Sunday, July 20, 2008

Obama: The man, the speech, and a thin résumé

I read somewhere recently, in The American Thinker I think, that Barack Obama has the thinnest résumé of any major party presidential candidate since Wendell Willkie carried the GOP banner in 1940.

What was your favorite moment of the Willkie presidency?

Jenny Backus, a senior Barack Obama advisor, spoke with the Rocky Mountain News a couple of days ago.

"No one more than Barack Obama understands how important it is to deliver a convention speech well," Backus said. "He wouldn't be where he is if he didn't know how to deliver convention speeches."

Of course he wouldn't! What are his accomplishments? One bill passed in the US Senate. Impressive. His record in the Illinois State Senate, as explained a few posts down in my New Yorker article analysis, was largely the work of others, particularly Senate President Emil Jones.

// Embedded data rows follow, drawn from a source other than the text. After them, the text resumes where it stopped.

(* Let $\varphi$ be an Orlicz $N$-function with Young–Fenchel transform $\psi$ and let $q_\varphi$ be the generalized inverse of the density of $\varphi$. Let $\{X_{k,n},k\ge1,n\ge1\}$ be a double array of independent $\varphi$-subgaussian random variables with $\sup_{k,n\in\mathbb N}\tau_\varphi(X_{k,n})\le1$. Let $\kappa$ be a positive increasing differentiable function whose derivative $r=\kappa'$ is non-decreasing on $(0,\infty)$, and suppose $\psi(x)-\kappa(x)\ge C_0(x)$ for some function $C_0$. Assume there is $C>0$ such that for every $k,n\ge1$ and $x>0$ $$P(X_{k,n}<x)\le\exp\left(-C\exp(-\kappa(x))\right).$$ Suppose there exist constants $A,\varepsilon_0>0$ such that for every $\varepsilon\in(0,\varepsilon_0]$ $$\int_A^{+\infty}\exp\left(-\frac{Cy}{2}\exp\left(-\kappa(\psi^{-1}(\ln y)-\varepsilon)\right)\right)dy<+\infty$$ and $$\int_A^{+\infty}\psi(y)q_\varphi(y)\exp\left(\psi(y)-\frac C2\exp\left(C_0(y)+\varepsilon r(y-\varepsilon)\right)\right)dy<+\infty.$$ Then $$\lim_{m\vee j\to+\infty}\left(\max_{1\le k\le m,1\le n\le j}X_{k,n}-\psi^{-1}(\ln(mj))\right)^-=0\quad\text{a.s.}$$
   Context: An Orlicz $N$-function is a continuous even convex function $\varphi:\mathbb R\to\mathbb R$ with $\varphi(0)=0$, increasing on $(0,\infty)$, with $\varphi(x)/x\to0$ as $x\to0$ and $\varphi(x)/x\to+\infty$ as $x\to+\infty$. It can be written $\varphi(x)=\int_0^{|x|}p_\varphi(t)\,dt$ with non-decreasing density $p_\varphi$; its generalized inverse is $q_\varphi(t)=\sup\{u\ge0:p_\varphi(u)\le t\}$. The Young–Fenchel transform is $\psi(x)=\sup_{y\in\mathbb R}(xy-\varphi(y))$, with $\psi(x)=\int_0^{|x|}q_\varphi(t)dt$; $\psi^{-1}$ is the inverse of $\psi$ on $[0,\infty)$. A random variable $X$ is $\varphi$-subgaussian if $EX=0$ and there is a finite $a>0$ with $E\exp(tX)\le\exp(\varphi(at))$ for all $t$; $\tau_\varphi(X)=\inf\{a>0:E\exp(tX)\le\exp(\varphi(at))\ \forall t\}$. $u^-=\max(-u,0)$. $\lim_{m\vee j\to\infty}b_{m,j}=b$ means: for every $\varepsilon>0$ there is $N$ with $|b_{m,j}-b|<\varepsilon$ whenever $\max(m,j)\ge N$. *)

theory Defs
  imports "HOL-Probability.Probability"
begin
lemma eval_word_inv_word:
  "u \<in> words_on X \<Longrightarrow> eval_word H f (inv_word u) = inv\<^bsub>H\<^esub> (eval_word H f u)"
proof (induction u)
  case (Cons a u)
  obtain x b where a: "a = (x, b)" by fastforce
  have x: "f x \<in> carrier H" using Cons.prems f a by auto
  have "inv_word (a # u) = inv_word u @ [(x, \<not> b)]" by (simp add: inv_word_def a)
  then have "eval_word H f (inv_word (a # u)) = inv\<^bsub>H\<^esub> (eval_word H f u) \<otimes>\<^bsub>H\<^esub> eval_letter H f (x, \<not> b)"
    using Cons a x by (simp add: eval_word_append inv_word_in_words_on eval_letter_def)
  also have "\<dots> = inv\<^bsub>H\<^esub> (eval_letter H f a \<otimes>\<^bsub>H\<^esub> eval_word H f u)"
    using Cons a x by (simp add: eval_letter_def eval_word_closed H.inv_mult_group)
  finally show ?case by simp
qed (simp add: inv_word_def)

lemma eval_word_hom:
  assumes "group K" "h \<in> hom H K" "w \<in> words_on X"
  shows "h (eval_word H f w) = eval_word K (h \<circ> f) w"
proof -
  interpret hom: group_hom H K h
    using assms H by (simp add: group_hom_def group_hom_axioms_def)
  show ?thesis
    using assms(3) f
    by (induction w) (auto simp: eval_letter_def eval_word_closed hom.hom_mult hom.hom_inv)
qed

end

lemma eval_word_cong:
  "(\<And>a. a \<in> set w \<Longrightarrow> f (fst a) = g (fst a)) \<Longrightarrow> eval_word H f w = eval_word H g w"
  by (induction w) (auto simp: eval_letter_def)

lemma reduced_nth_Suc:
  assumes "reduced w" "Suc k < length w" "fst (w ! k) = fst (w ! Suc k)"
  shows "snd (w ! k) = snd (w ! Suc k)"
  using assms
proof (induction w arbitrary: k rule: reduced.induct)
  case (3 a b w)
  then show ?case by (cases k) auto
qed auto

lemma eval_word_in_ballS: "w \<in> words_on X \<Longrightarrow> length w \<le> l \<Longrightarrow> eval_word G s w \<in> ballS G X s l"
  by (auto simp: ballS_def)

lemma one_in_ballS: "\<one>\<^bsub>G\<^esub> \<in> ballS G X s l"
  using eval_word_in_ballS[of "[]"] by simp

lemma ballS_subset_carrier: "group G \<Longrightarrow> s ` X \<subseteq> carrier G \<Longrightarrow> ballS G X s l \<subseteq> carrier G"
  by (auto simp: ballS_def eval_word_closed)

lemma generator_in_ballS:
  assumes "group G" "s ` X \<subseteq> carrier G" "x \<in> X" "1 \<le> l"
  shows "s x \<in> ballS G X s l"
proof -
  have "s x \<in> carrier G" using assms(2,3) by auto
  then have "eval_word G s [(x, True)] = s x"
    using assms(1) by (simp add: eval_letter_def group.is_monoid monoid.r_one)
  then show ?thesis
    using eval_word_in_ballS[of "[(x, True)]" X l G s] assms by simp
qed

lemma finite_ballS: "finite X \<Longrightarrow> finite (ballS G X s l)"
proof -
  assume "finite X"
  then have "finite {w. set w \<subseteq> X \<times> (UNIV :: bool set) \<and> length w \<le> l}"
    by (intro finite_lists_length_le) auto
  moreover have "ballS G X s l \<subseteq> eval_word G s ` {w. set w \<subseteq> X \<times> UNIV \<and> length w \<le> l}"
    by (auto simp: ballS_def words_on_def mem_Times_iff intro!: imageI)
  ultimately show ?thesis
    using finite_surj by blast
qed

lemma ballS_inv_mult_word:
  assumes "group G" "s ` X \<subseteq> carrier G" "g \<in> ballS G X s l" "h \<in> ballS G X s l"
  obtains w where "w \<in> words_on X" "length w \<le> 2 * l" "eval_word G s w = inv\<^bsub>G\<^esub> g \<otimes>\<^bsub>G\<^esub> h"
proof -
  obtain u v where "u \<in> words_on X" "length u \<le> l" "g = eval_word G s u"
    and "v \<in> words_on X" "length v \<le> l" "h = eval_word G s v"
    using assms(3,4) by (auto simp: ballS_def)
  then show ?thesis
    using assms(1,2)
    by (intro that[of "inv_word u @ v"])
      (simp_all add: inv_word_in_words_on eval_word_append eval_word_inv_word)
qed

section \<open>The normalized Hamming distance on permutations\<close>

lemma BijGroup_mult_apply:
  "a \<in> carrier (BijGroup \<Omega>) \<Longrightarrow> b \<in> carrier (BijGroup \<Omega>) \<Longrightarrow> p \<in> \<Omega>
    \<Longrightarrow> (a \<otimes>\<^bsub>BijGroup \<Omega>\<^esub> b) p = a (b p)"
  by (simp add: BijGroup_def compose_def)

The Obama zealots like to point out that Abraham Lincoln didn't have much experience before he was elected president. The National Review shot that argument to pieces a few months ago. When he ran for the US Senate in 1858, Lincoln, NR said, was matched against Stephen A. Douglas, that body's top Democrat. The seven Lincoln-Douglas debates are still studied 150 years later. Obama ended up in the US Senate after his top two opponents imploded because of private life embarrasments, which left the cartoonish Alan Keyes as Obama's final "obstacle" to victory.

Lincoln's defeat in 1858 was much more meaningful than Obama's win in 2004.

As for Obama, "He wouldn't be where he is if he didn't know how to deliver convention speeches."

No one will ever say that about John McCain.